Scan the data below and pick out the lines containing the word "matrix".

(Items listed in a dataset)
·····

text \<open>Vertigo map V_t[A] = sum_k (t-1)^k/k! t^(n/2) a^k A a^dagger^k t^(n/2).\<close>
definition vertigo :: "real \<Rightarrow> fmat \<Rightarrow> fmat" where
  "vertigo t A = (\<lambda>i j. \<Sum>\<^sub>\<infinity>k. complex_of_real ((t - 1) ^ k / fact k) *
      mat_mult (tn_half t) (mat_mult (ann_pow k) (mat_mult A
        (mat_mult (adj (ann_pow k)) (tn_half t)))) i j)"

definition binom_state :: "nat \<Rightarrow> fmat" where
  "binom_state m = (\<lambda>i j. if i = j \<and> i \<le> m
      then complex_of_real (real (m choose i) / 2 ^ m) else 0)"

end

theory Submission
  imports Defs
begin

text \<open>In the Fock basis the Vertigo map reads
  V_t[\<rho>]_ij = \<Sum>_k (t-1)^k/k! t^((i+j)/2) sqrt((i+k)!/i!) sqrt((j+k)!/j!) \<rho>_(i+k)(j+k).
  If \<rho> is supported on {0..m}, every nonzero summand grows at most like t^m, and exactly like t^m
  only when i = j = m - k, with coefficient (m choose i) \<rho>_mm. Hence V_t[\<rho>]/t^m tends to the
  diagonal matrix with entries (m choose i) \<rho>_mm, and its trace to 2^m \<rho>_mm. For the minimal m
  the entry \<rho>_mm is nonzero: in a positive semidefinite matrix a vanishing diagonal entry forces
  its row and column to vanish, which would put \<rho> into D^(m-1), or make it zero if m = 0.\<close>

lemma infsum_nat_eq_sum_atMost:
  fixes f :: "nat \<Rightarrow> 'a::{comm_monoid_add, t2_space}"
  assumes "\<And>l. N < l \<Longrightarrow> f l = 0"
  shows "infsum f UNIV = (\<Sum>l\<le>N. f l)"
  using infsum_cong_neutral[of UNIV "{..N}" f f] assms by auto

lemma infsum_eq_single:
  fixes f :: "'b \<Rightarrow> 'a::{comm_monoid_add, t2_space}"
  assumes "\<And>l. l \<noteq> c \<Longrightarrow> f l = 0"
  shows "infsum f UNIV = f c"
  using infsum_cong_neutral[of UNIV "{c}" f f] assms by auto

lemma mat_mult_single_left:
  assumes "\<And>l. l \<noteq> c \<Longrightarrow> M i l = 0"
  shows "mat_mult M N i j = M i c * N c j"
  unfolding mat_mult_def by (rule infsum_eq_single) (simp add: assms)

lemma mat_mult_single_right:
  assumes "\<And>l. l \<noteq> c \<Longrightarrow> N l j = 0"
  shows "mat_mult M N i j = M i c * N c j"
  unfolding mat_mult_def by (rule infsum_eq_single) (simp add: assms)

definition ann_coeff :: "nat \<Rightarrow> nat \<Rightarrow> real" where
  "ann_coeff k i = sqrt (fact (i + k) / fact i)"

lemma ann_coeff_Suc: "sqrt (real (Suc i)) * ann_coeff k (Suc i) = ann_coeff (Suc k) i"
proof -
  have "real (Suc i) * (fact (Suc i + k) / fact (Suc i)) = fact (i + Suc k) / fact i"
    by (simp add: fact_Suc[of i] del: fact_Suc)
  then show ?thesis unfolding ann_coeff_def by (metis real_sqrt_mult)
qed

lemma ann_pow_eq: "ann_pow k i j = (if j = i + k then complex_of_real (ann_coeff k i) else 0)"
proof (induction k arbitrary: i j)
  case 0
  then show ?case by (simp add: ann_pow_def id_mat_def ann_coeff_def)
next
  case (Suc k)
  have "ann_pow (Suc k) i j = mat_mult ann (ann_pow k) i j"
    by (simp add: ann_pow_def)
  also have "\<dots> = ann i (Suc i) * ann_pow k (Suc i) j"
    by (rule mat_mult_single_left) (simp add: ann_def)
  finally show ?case
    using Suc ann_coeff_Suc[of i k] by (auto simp: ann_def simp flip: of_real_mult)
qed

lemma vertigo_summand_eq:
  "mat_mult (tn_half t) (mat_mult (ann_pow k) (mat_mult A
        (mat_mult (adj (ann_pow k)) (tn_half t)))) i j =
   complex_of_real (t powr ((real i + real j) / 2) * ann_coeff k i * ann_coeff k j) * A (i + k) (j + k)"
proof -
  have right: "mat_mult (adj (ann_pow k)) (tn_half t) l j =
      (if l = j + k then complex_of_real (ann_coeff k j * t powr (real j / 2)) else 0)" for l
    by (subst mat_mult_single_right[where c = j]) (auto simp: tn_half_def adj_def ann_pow_eq)
  have "mat_mult A (mat_mult (adj (ann_pow k)) (tn_half t)) l j =
      A l (j + k) * complex_of_real (ann_coeff k j * t powr (real j / 2))" for l
    by (subst mat_mult_single_right[where c = "j + k"]) (auto simp: right)
  moreover have "mat_mult (ann_pow k) M i' j = complex_of_real (ann_coeff k i') * M (i' + k) j"
    for M i' by (subst mat_mult_single_left[where c = "i' + k"]) (auto simp: ann_pow_eq)
  moreover have "mat_mult (tn_half t) M i j = complex_of_real (t powr (real i / 2)) * M i j" for M
    by (subst mat_mult_single_left[where c = i]) (auto simp: tn_half_def)
  ultimately show ?thesis
    by (simp add: add_divide_distrib powr_add mult_ac)
qed

definition fock_support_le :: "nat \<Rightarrow> fmat \<Rightarrow> bool" where
  "fock_support_le m A \<longleftrightarrow> (\<forall>i j. m < i \<or> m < j \<longrightarrow> A i j = 0)"

lemma fock_support_leD: "fock_support_le m A \<Longrightarrow> m < i \<or> m < j \<Longrightarrow> A i j = 0"
  unfolding fock_support_le_def by blast

lemma vertigo_eq_sum:
  assumes "fock_support_le m A"
  shows "vertigo t A i j = (\<Sum>k\<le>m. complex_of_real ((t - 1) ^ k * t powr ((real i + real j) / 2))
      * complex_of_real (ann_coeff k i * ann_coeff k j / fact k) * A (i + k) (j + k))"
  unfolding vertigo_def vertigo_summand_eq
proof (subst infsum_nat_eq_sum_atMost[of m], goal_cases)
  case (1 k)
  then show ?case by (simp add: fock_support_leD[OF assms])
next
  case 2
  have summand: "complex_of_real ((t - 1) ^ k / fact k) *
      (complex_of_real (t powr ((real i + real j) / 2) * ann_coeff k i * ann_coeff k j) * A (i + k) (j + k))
    = complex_of_real ((t - 1) ^ k * t powr ((real i + real j) / 2))
      * complex_of_real (ann_coeff k i * ann_coeff k j / fact k) * A (i + k) (j + k)" for k
    by (simp only: mult.assoc flip: of_real_mult) (simp add: field_simps)
  show ?case by (rule sum.cong[OF refl summand])
qed

lemma vertigo_eq_0:
  assumes "fock_support_le m A" and "m < i"
  shows "vertigo t A i j = 0"
  using assms by (simp add: vertigo_eq_sum fock_support_leD)

lemma trace_vertigo_eq_sum:
  assumes "fock_support_le m A"
  shows "trace (vertigo t A) = (\<Sum>i\<le>m. vertigo t A i i)"
  unfolding trace_def by (rule infsum_nat_eq_sum_atMost) (simp add: vertigo_eq_0[OF assms])

lemma tendsto_power_powr_div_power:
  fixes e :: real
  assumes "real k + e \<le> real m"
  shows "((\<lambda>t. (t - 1) ^ k * t powr e / t ^ m) \<longlongrightarrow> (if real k + e = real m then 1 else 0)) at_top"
proof -
  define d where "d = real k + e - real m"
  have "((\<lambda>t::real. 1 - inverse t) \<longlongrightarrow> 1 - 0) at_top"
    by (intro tendsto_intros tendsto_inverse_0_at_top filterlim_ident)
  then have "((\<lambda>t::real. (1 - inverse t) ^ k) \<longlongrightarrow> 1) at_top"
    using tendsto_power by fastforce
  moreover have "((\<lambda>t::real. t powr d) \<longlongrightarrow> (if d = 0 then 1 else 0)) at_top"
  proof (cases "d = 0")
    case False
    with assms have "d < 0" unfolding d_def by linarith
    then show ?thesis using tendsto_neg_powr[OF _ filterlim_ident] by simp
  next
    case True
    have "\<forall>\<^sub>F t in at_top. t powr d = (1::real)"
      using eventually_gt_at_top[of 0] by eventually_elim (simp add: True)
    then show ?thesis using True tendsto_eventually by fastforce
  qed
  ultimately have "((\<lambda>t::real. (1 - inverse t) ^ k * t powr d) \<longlongrightarrow> (if d = 0 then 1 else 0)) at_top"
    using tendsto_mult by fastforce
  moreover have "\<forall>\<^sub>F t in at_top. (1 - inverse t) ^ k * t powr d = (t - 1) ^ k * t powr e / t ^ m"
    using eventually_gt_at_top[of 0]
  proof eventually_elim
    case (elim t)
    then have "(1 - inverse t) ^ k = (t - 1) ^ k / t powr real k"
      by (simp add: field_simps powr_realpow)
    moreover have "t powr d = t powr real k * t powr e / t ^ m"
      unfolding d_def using elim by (simp add: powr_add powr_diff powr_realpow)
    ultimately show ?case using elim by simp
  qed
  ultimately show ?thesis
    unfolding d_def by (simp add: tendsto_cong)
qed

lemma ann_coeff_square_div_fact:
  assumes "i \<le> m"
  shows "ann_coeff (m - i) i * ann_coeff (m - i) i / fact (m - i) = real (m choose i)"
  using assms by (simp add: ann_coeff_def binomial_fact)

lemma vertigo_div_power_tendsto:
  assumes supp: "fock_support_le m A"
  shows "((\<lambda>t. vertigo t A i j / complex_of_real (t ^ m))
    \<longlongrightarrow> (if i = j \<and> i \<le> m then of_nat (m choose i) * A m m else 0)) at_top"
proof -
  define c where "c k = complex_of_real (ann_coeff k i * ann_coeff k j / fact k)" for k
  define e where "e = (real i + real j) / 2"
  have summand: "((\<lambda>t. complex_of_real ((t - 1) ^ k * t powr e / t ^ m) * c k * A (i + k) (j + k))
      \<longlongrightarrow> (if i = j \<and> i + k = m then c k * A m m else 0)) at_top" for k
  proof (cases "A (i + k) (j + k) = 0")
    case False
    then have "i + k \<le> m" "j + k \<le> m"
      using fock_support_leD[OF supp] by (meson not_le)+
    then have "2 * k + i + j \<le> 2 * m" "2 * k + i + j = 2 * m \<longleftrightarrow> i = j \<and> i + k = m"
      by linarith+
    moreover have "real k + e \<le> real m \<longleftrightarrow> 2 * k + i + j \<le> 2 * m"
      unfolding e_def by (subst of_nat_le_iff[where 'a=real, symmetric]) (simp add: field_simps)
    moreover have "real k + e = real m \<longleftrightarrow> 2 * k + i + j = 2 * m"
      unfolding e_def by (subst of_nat_eq_iff[where 'a=real, symmetric]) (simp add: field_simps)
    ultimately have "real k + e \<le> real m" "real k + e = real m \<longleftrightarrow> i = j \<and> i + k = m"
      by simp_all
    with tendsto_power_powr_div_power[OF this(1)]
    have "((\<lambda>t. (t - 1) ^ k * t powr e / t ^ m) \<longlongrightarrow> (if i = j \<and> i + k = m then 1 else 0)) at_top"
      by simp
    then have "((\<lambda>t. complex_of_real ((t - 1) ^ k * t powr e / t ^ m) * c k * A (i + k) (j + k))
        \<longlongrightarrow> complex_of_real (if i = j \<and> i + k = m then 1 else 0) * c k * A (i + k) (j + k)) at_top"
      by (intro tendsto_mult_right tendsto_of_real)
    then show ?thesis by (cases "i = j \<and> i + k = m") auto
  qed auto
  have expand: "(\<lambda>t. vertigo t A i j / complex_of_real (t ^ m)) =
      (\<lambda>t. \<Sum>k\<le>m. complex_of_real ((t - 1) ^ k * t powr e / t ^ m) * c k * A (i + k) (j + k))"
    by (simp add: vertigo_eq_sum[OF supp] sum_divide_distrib c_def e_def mult_ac)
  have limit: "(\<Sum>k\<le>m. if i = j \<and> i + k = m then c k * A m m else 0) =
      (if i = j \<and> i \<le> m then of_nat (m choose i) * A m m else 0)"
  proof (cases "i = j \<and> i \<le> m")
    case True
    then have "i = j \<and> i + k = m \<longleftrightarrow> k = m - i" for k
      by auto
    then have "(\<Sum>k\<le>m. if i = j \<and> i + k = m then c k * A m m else 0) = c (m - i) * A m m"
      by (simp only:) simp
    then show ?thesis using True by (simp add: c_def ann_coeff_square_div_fact)
  qed (auto intro!: sum.neutral)
  show ?thesis
    unfolding expand limit[symmetric] by (intro tendsto_sum summand)
qed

·····

- Solution to the exercise
  diagonal matrix with entries (m choose i) \<rho>_mm, and its trace to 2^m \<rho>_mm. For the minimal m
  the entry \<rho>_mm is nonzero: in a positive semidefinite matrix a vanishing diagonal entry forces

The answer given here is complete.